Subregulatory guidance plays an important role in providing direction and insight into complex regulatory rules. Heavily regulated industries, such as the healthcare industry, are well-versed in sub-regulatory guidance. It may take the form of policy statements, opinion letters, or manuals, such as the Centers for Medicare and Medicaid Services (“CMS”) Internet-Only Manuals. Stakeholders often reference these materials in daily activities, and these materials may inform operations and compliance functions. However, sub-regulatory guidance may become controversial when those parties are subject to enforcement activities because such documents have not gone through formal rulemaking, and may not be controlling according to court cases.

Traditionally, the Department of Justice (“DOJ”), the federal agency charged with prosecuting fraud against the federal government, has relied on sub-regulatory guidance in a variety of ways. However, in 2017 and 2018, the Trump Administration issued memoranda limiting the DOJ’s reliance on sub-regulatory guidance. Those memoranda added new review and approval conditions, and limited the DOJ’s publication of, and reliance on, agency guidance materials. 

When President Biden took office in January, he issued an Executive Order instructing agencies to remove any policies that were aimed at limiting regulatory action. Accordingly, Attorney General Merrick Garland issued a memorandum on July 1, 2021 formally rescinding the DOJ 2017 and 2018 memoranda, and restoring the DOJ’s traditional approach regarding the use of, and reliance on, sub-regulatory guidance (the “Garland Memo”). The DOJ Justice Manual will be revised to be consistent with the Garland Memo.

The Garland Memo states that, in the enforcement context, the DOJ may rely on relevant sub-regulatory guidance in any “appropriate and lawful circumstances, including when a guidance document may be entitled to deference or otherwise carry persuasive weight with respect to the meaning of the applicable legal requirements.” This applies to DOJ sub-regulatory guidance and sub-regulatory guidance issued by other agencies, such as CMS. Stakeholders may expect the DOJ will cite sub-regulatory guidance in litigation.

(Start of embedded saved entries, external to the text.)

(* Let $v\ge 2$ and let $(X,\mathcal{A})$ be a $(v,2,1)$-BIBD, i.e. $|X|=v$ and $\mathcal{A}$ is the set of all $2$-subsets of $X$. If $\phi:\mathcal{A}\to Y$ is a weak nesting of $(X,\mathcal{A})$ into a partial $(w,3,2)$-BIBD, where $X\subseteq Y$ and $|Y|=w$, then $w\ge (5v-1)/4$.
   Context: A $(v,k,\lambda)$-BIBD is a pair $(X,\mathcal{A})$ where $X$ is a set of $v$ points and $\mathcal{A}$ is a multiset of $k$-subsets of $X$ (blocks) such that every pair of distinct points lies in exactly $\lambda$ blocks. A partial $(w,k,\lambda)$-BIBD is defined in the same way on $w$ points, except that every pair of distinct points lies in at most $\lambda$ blocks. Given a $(v,k,\lambda)$-BIBD $(X,\mathcal{A})$ and a set $Y\supseteq X$ with $|Y|=w$, a map $\phi:\mathcal{A}\to Y$ is a weak nesting if $\phi(A)\notin A$ for every block $A$ and the multiset of augmented blocks $\{A\cup\{\phi(A)\}:A\in\mathcal{A}\}$ (one for each block of $\mathcal{A}$, with multiplicity) is a partial $(w,k+1,\lambda+1)$-BIBD on point set $Y$. *)

theory Defs
  imports Complex_Main "HOL-Library.Multiset"
begin

definition bibd :: "'a set \<Rightarrow> nat \<Rightarrow> nat \<Rightarrow> nat \<Rightarrow> 'a set multiset \<Rightarrow> bool" where
  "bibd X v k lam \<A> \<longleftrightarrow>
     finite X \<and> card X = v \<and>
     (\<forall>B\<in>#\<A>. B \<subseteq> X \<and> card B = k) \<and>
     (\<forall>x\<in>X. \<forall>y\<in>X. x \<noteq> y \<longrightarrow> size (filter_mset (\<lambda>B. x \<in> B \<and> y \<in> B) \<A>) = lam)"

definition partial_bibd :: "'a set \<Rightarrow> nat \<Rightarrow> nat \<Rightarrow> nat \<Rightarrow> 'a set multiset \<Rightarrow> bool" where
  "partial_bibd Y w k lam \<A> \<longleftrightarrow>
     finite Y \<and> card Y = w \<and>
     (\<forall>B\<in>#\<A>. B \<subseteq> Y \<and> card B = k) \<and>
     (\<forall>x\<in>Y. \<forall>y\<in>Y. x \<noteq> y \<longrightarrow> size (filter_mset (\<lambda>B. x \<in> B \<and> y \<in> B) \<A>) \<le> lam)"

definition weak_nesting ::
  "'a set \<Rightarrow> nat \<Rightarrow> nat \<Rightarrow> nat \<Rightarrow> 'a set multiset \<Rightarrow> 'a set \<Rightarrow> nat \<Rightarrow> ('a set \<Rightarrow> 'a) \<Rightarrow> bool" where
  "weak_nesting X v k lam \<A> Y w \<phi> \<longleftrightarrow>
     bibd X v k lam \<A> \<and> X \<subseteq> Y \<and>
     (\<forall>B\<in>#\<A>. \<phi> B \<in> Y \<and> \<phi> B \<notin> B) \<and>
     partial_bibd Y w (k + 1) (lam + 1) (image_mset (\<lambda>B. insert (\<phi> B) B) \<A>)"

end

theory Submission
  imports Defs
begin

(* Call a pair B of X an inside pair if its nesting point \<phi> B lies in X. The augmented block of
   an inside pair is a triangle covering three pairs of X, whereas every pair lies in at most two
   augmented blocks; double counting therefore shows that at most half of the v(v-1)/2 pairs are
   inside pairs. The others are nested at the w - v points outside X, and each outside point z
   receives at most v pairs, because every a in X lies in at most two augmented blocks through z
   and each pair nested at z accounts for two such incidences. Hence v(v-1)/4 \<le> (w - v) v. *)

definition two_subsets :: "'a set \<Rightarrow> 'a set set" where
  "two_subsets X = {e. e \<subseteq> X \<and> card e = 2}"

lemma finite_two_subsets: "finite X \<Longrightarrow> finite (two_subsets X)"
  unfolding two_subsets_def by simp

lemma mem_two_subsets_iff:
  "e \<in> two_subsets X \<longleftrightarrow> (\<exists>x\<in>X. \<exists>y\<in>X. x \<noteq> y \<and> e = {x, y})"
  unfolding two_subsets_def by (auto simp: card_2_iff)

lemma two_subsets_within:
  "S \<subseteq> X \<Longrightarrow> {e \<in> two_subsets X. e \<subseteq> S} = two_subsets S"
  unfolding two_subsets_def by auto

lemma card_two_subsets:
  assumes "finite X"
  shows "2 * card (two_subsets X) = card X * (card X - 1)"
proof -
  have "card (two_subsets X) = card X choose 2"
    using n_subsets[OF assms] unfolding two_subsets_def .
  moreover have "even (card X * (card X - 1))"
    by (cases "card X") auto
  ultimately show ?thesis
    by (simp add: choose_two)
qed

lemma card_two_subsets_of_triangle:
  assumes "finite X" and "B \<in> two_subsets X" and "c \<in> X" and "c \<notin> B"
  shows "card {e \<in> two_subsets X. e \<subseteq> insert c B} = 3"
proof -
  have "B \<subseteq> X" "card B = 2"
    using assms(2) unfolding two_subsets_def by auto
  then have "finite B"
    using assms(1) finite_subset by blast
  then have "2 * card (two_subsets (insert c B)) = 2 * 3"
    using card_two_subsets[of "insert c B"] \<open>card B = 2\<close> assms(4) by simp
  then show ?thesis
    using two_subsets_within[of "insert c B" X] \<open>B \<subseteq> X\<close> assms(3) by simp
qed

lemma card_set_mset_le_size: "card (set_mset M) \<le> size M"
  by (metis mset_set_set_mset_msubset size_mset_mono size_mset_set)

lemma card_Collect_set_mset_le_size_filter_mset:
  "card {x \<in> set_mset M. P x} \<le> size (filter_mset P M)"
  using card_set_mset_le_size[of "filter_mset P M"] by simp

lemma weak_nesting_card_covering_le:
  assumes "weak_nesting X v k lam \<A> Y w \<phi>" and "x \<in> Y" "y \<in> Y" "x \<noteq> y"
  shows "card {B \<in> set_mset \<A>. {x, y} \<subseteq> insert (\<phi> B) B} \<le> lam + 1"
proof -
  have "partial_bibd Y w (k + 1) (lam + 1) (image_mset (\<lambda>B. insert (\<phi> B) B) \<A>)"
    using assms(1) unfolding weak_nesting_def by blast
  then have "size (filter_mset (\<lambda>C. x \<in> C \<and> y \<in> C) (image_mset (\<lambda>B. insert (\<phi> B) B) \<A>))
      \<le> lam + 1"
    using assms(2-4) unfolding partial_bibd_def by blast
  then show ?thesis
    using card_Collect_set_mset_le_size_filter_mset[of \<A> "\<lambda>B. {x, y} \<subseteq> insert (\<phi> B) B"]
    by (simp add: filter_mset_image_mset)
qed

lemma uniform_family_card_le:
  assumes "finite X"
    and uniform: "\<And>B. B \<in> \<N> \<Longrightarrow> B \<subseteq> X \<and> card B = k"
    and degree: "\<And>a. a \<in> X \<Longrightarrow> card {B \<in> \<N>. a \<in> B} \<le> d"
  shows "k * card \<N> \<le> d * card X"
proof -
  have "finite \<N>"
    using assms(1) uniform by (meson Pow_iff finite_Pow_iff finite_subset subsetI)
  have "k * card \<N> = (\<Sum>B\<in>\<N>. card {a \<in> X. a \<in> B})"
    using uniform by (simp add: Int_absorb1 Collect_conj_eq flip: Int_def)
  also have "\<dots> = (\<Sum>a\<in>X. card {B \<in> \<N>. a \<in> B})"
    by (rule sum_multicount_gen) (use \<open>finite \<N>\<close> assms(1) in auto)
  also have "\<dots> \<le> d * card X"
    using sum_bounded_above[of X _ d] degree by (simp add: mult.commute)
  finally show ?thesis .
qed

lemma card_le_mult_if_fibres_le:
  assumes "finite Z" and "f ` A \<subseteq> Z"
    and "\<And>z. z \<in> Z \<Longrightarrow> card {x \<in> A. f x = z} \<le> c"
  shows "card A \<le> card Z * c"
proof -
  have "A = (\<Union>z\<in>Z. {x \<in> A. f x = z})"
    using assms(2) by auto
  then have "card A \<le> (\<Sum>z\<in>Z. card {x \<in> A. f x = z})"
    using card_UN_le[OF assms(1)] by metis
  also have "\<dots> \<le> card Z * c"
    using sum_bounded_above[of Z _ c] assms(3) by simp
  finally show ?thesis .
qed

lemma card_fibre_outside_le:
  assumes "finite X" and "z \<notin> X"
    and cover: "\<And>a. a \<in> X \<Longrightarrow> card {B \<in> two_subsets X. {a, z} \<subseteq> insert (\<phi> B) B} \<le> 2"
  shows "card {B \<in> two_subsets X. \<phi> B = z} \<le> card X"
proof -
  have "2 * card {B \<in> two_subsets X. \<phi> B = z} \<le> 2 * card X"
  proof (rule uniform_family_card_le[OF assms(1)])
    show "B \<subseteq> X \<and> card B = 2" if "B \<in> {B \<in> two_subsets X. \<phi> B = z}" for B
      using that unfolding two_subsets_def by simp
    show "card {B \<in> {B \<in> two_subsets X. \<phi> B = z}. a \<in> B} \<le> 2" if "a \<in> X" for a
    proof -
      have "{B \<in> {B \<in> two_subsets X. \<phi> B = z}. a \<in> B}
          \<subseteq> {B \<in> two_subsets X. {a, z} \<subseteq> insert (\<phi> B) B}"
        by auto
      then have "card {B \<in> {B \<in> two_subsets X. \<phi> B = z}. a \<in> B}
          \<le> card {B \<in> two_subsets X. {a, z} \<subseteq> insert (\<phi> B) B}"
        by (intro card_mono) (simp add: finite_two_subsets assms(1))
      then show ?thesis
        using cover[OF that] by linarith
    qed
  qed
  then show ?thesis by simp
qed

lemma card_nested_outside_le:
  assumes "finite Y" and "X \<subseteq> Y"
    and nested: "\<And>B. B \<in> two_subsets X \<Longrightarrow> \<phi> B \<in> Y"
    and cover: "\<And>a z. a \<in> X \<Longrightarrow> z \<in> Y - X \<Longrightarrow>
      card {B \<in> two_subsets X. {a, z} \<subseteq> insert (\<phi> B) B} \<le> 2"
  shows "card {B \<in> two_subsets X. \<phi> B \<notin> X} \<le> card (Y - X) * card X"
proof (rule card_le_mult_if_fibres_le)
  fix z
  assume z: "z \<in> Y - X"
  have "{B \<in> {B \<in> two_subsets X. \<phi> B \<notin> X}. \<phi> B = z} = {B \<in> two_subsets X. \<phi> B = z}"
    using z by blast
  moreover have "card {B \<in> two_subsets X. \<phi> B = z} \<le> card X"
    using card_fibre_outside_le[of X z] finite_subset[OF assms(2,1)] cover z by blast
  ultimately show "card {B \<in> {B \<in> two_subsets X. \<phi> B \<notin> X}. \<phi> B = z} \<le> card X"
    by simp
qed (use assms(1) nested in auto)

lemma card_two_subsets_le_twice_outside:
  assumes "finite X"
    and notin: "\<And>B. B \<in> two_subsets X \<Longrightarrow> \<phi> B \<notin> B"
    and cover: "\<And>x y. x \<in> X \<Longrightarrow> y \<in> X \<Longrightarrow> x \<noteq> y \<Longrightarrow>
      card {B \<in> two_subsets X. {x, y} \<subseteq> insert (\<phi> B) B} \<le> 2"
  shows "card (two_subsets X) \<le> 2 * card {B \<in> two_subsets X. \<phi> B \<notin> X}"
proof -
  define P where "P = two_subsets X"
  define M where "M = {B \<in> P. \<phi> B \<in> X}"
  define N where "N = {B \<in> P. \<phi> B \<notin> X}"
  let ?covered = "\<lambda>B. {e \<in> P. e \<subseteq> insert (\<phi> B) B}"
  have "finite P"
    unfolding P_def using assms(1) by (rule finite_two_subsets)
  have split: "P = M \<union> N" "M \<inter> N = {}" "finite M" "finite N"
    unfolding M_def N_def using \<open>finite P\<close> by auto
  have "card (?covered B) = 3" if "B \<in> M" for B
    using card_two_subsets_of_triangle[OF assms(1)] that notin unfolding M_def P_def by blast
  then have "3 * card M = (\<Sum>B\<in>M. card (?covered B))"
    by simp
  moreover have "card N \<le> (\<Sum>B\<in>N. card (?covered B))"
  proof -
    have "1 \<le> card (?covered B)" if "B \<in> N" for B
      using that \<open>finite P\<close> unfolding N_def by (auto simp: Suc_le_eq card_gt_0_iff)
    then show ?thesis
      using sum_bounded_below[of N 1 "\<lambda>B. card (?covered B)"] by simp
  qed
  ultimately have "3 * card M + card N \<le> (\<Sum>B\<in>P. card (?covered B))"
    using split by (simp add: sum.union_disjoint)
  also have "\<dots> = (\<Sum>e\<in>P. card {B \<in> P. e \<subseteq> insert (\<phi> B) B})"
    by (rule sum_multicount_gen) (use \<open>finite P\<close> in auto)
  also have "\<dots> \<le> 2 * card P"
  proof -
    have "card {B \<in> P. e \<subseteq> insert (\<phi> B) B} \<le> 2" if "e \<in> P" for e
      using that cover unfolding P_def mem_two_subsets_iff[of e] by blast
    then show ?thesis
      using sum_bounded_above[of P "\<lambda>e. card {B \<in> P. e \<subseteq> insert (\<phi> B) B}" 2]
      by (simp add: mult.commute)
  qed
  finally have "3 * card M + card N \<le> 2 * card P" .
  moreover have "card P = card M + card N"
    using split by (simp add: card_Un_disjoint)
  ultimately have "card P \<le> 2 * card N"
    by linarith
  then show ?thesis
    unfolding N_def P_def .
qed

theorem lemma2p1:
  fixes X Y :: "'a set" and \<A> :: "'a set multiset" and \<phi> :: "'a set \<Rightarrow> 'a" and v w :: nat
  assumes "v \<ge> 2"
    and "bibd X v 2 1 \<A>"
    and "set_mset \<A> = {B. B \<subseteq> X \<and> card B = 2}"
    and "X \<subseteq> Y" and "finite Y" and "card Y = w"
    and "weak_nesting X v 2 1 \<A> Y w \<phi>"
  shows "real w \<ge> (5 * real v - 1) / 4"
proof -
  have "finite X"
    using assms(4,5) by (rule finite_subset)
  have card_X: "card X = v"
    using assms(2) unfolding bibd_def by blast
  have blocks: "set_mset \<A> = two_subsets X"
    using assms(3) unfolding two_subsets_def .
  have nested: "\<phi> B \<in> Y" "\<phi> B \<notin> B" if "B \<in> two_subsets X" for B
    using assms(7) that unfolding weak_nesting_def blocks[symmetric] by auto
  have cover: "card {B \<in> two_subsets X. {x, y} \<subseteq> insert (\<phi> B) B} \<le> 2"
    if "x \<in> Y" "y \<in> Y" "x \<noteq> y" for x y
    using weak_nesting_card_covering_le[OF assms(7) that] by (simp add: blocks)
  have "card (two_subsets X) \<le> 2 * card {B \<in> two_subsets X. \<phi> B \<notin> X}"
    by (rule card_two_subsets_le_twice_outside[OF \<open>finite X\<close>]) (use nested cover assms(4) in blast)+
  also have "card {B \<in> two_subsets X. \<phi> B \<notin> X} \<le> card (Y - X) * card X"
    by (rule card_nested_outside_le[OF assms(5,4)]) (use nested cover assms(4) in blast)+
  finally have pairs_le: "card (two_subsets X) \<le> 2 * ((w - v) * v)"
    using card_Diff_subset[OF \<open>finite X\<close> assms(4)] assms(6) card_X by simp
  have "(v - 1) * v = 2 * card (two_subsets X)"
    using card_two_subsets[OF \<open>finite X\<close>] card_X by (simp add: mult.commute)
  also have "\<dots> \<le> (4 * (w - v)) * v"
    using pairs_le by (simp add: mult.commute)
  finally have "v - 1 \<le> 4 * (w - v)"
    using assms(1) by simp
  moreover have "v \<le> w"
    using card_mono[OF assms(5,4)] card_X assms(6) by simp
  ultimately show ?thesis
    using assms(1) by (simp add: of_nat_diff)
qed

end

The Garland Memo also announces principles governing the DOJ’s issuance and use of its own sub-regulatory guidance:  

  • Although the DOJ’s guidance documents do not generally bind the public, the DOJ may use sub-regulatory guidance to outline its interpretation of binding regulations, statutes, and constitutional provisions. Stakeholders may expect sub-regulatory guidance to be labeled as “guidance” and provide citations to the source(s) of any binding legal requirements.

  • Internal guidance documents of the DOJ may be posted to its online portal. Stakeholders may expect each document to have a unique identifying number, and include issuance and revision dates. 

  • The Office of Legal Policy in the DOJ will be working with various components to ensure all of the DOJ sub-regulatory guidance documents are harmoniously drafted, such that no two documents create inconsistencies. 

The Garland Memo comes at a fortuitous time for law enforcement. With the barrage of government funds due to the COVID-19 pandemic, the DOJ is increasingly ramping up its enforcement efforts. Those that received Provider Relief Funds may recall that the terms and conditions of those monies, issued in the form of sub-regulatory guidance, were ever-changing in the early months of the pandemic. The Garland Memo allows the DOJ to site those terms and conditions, as dynamic as they were, in enforcement activities.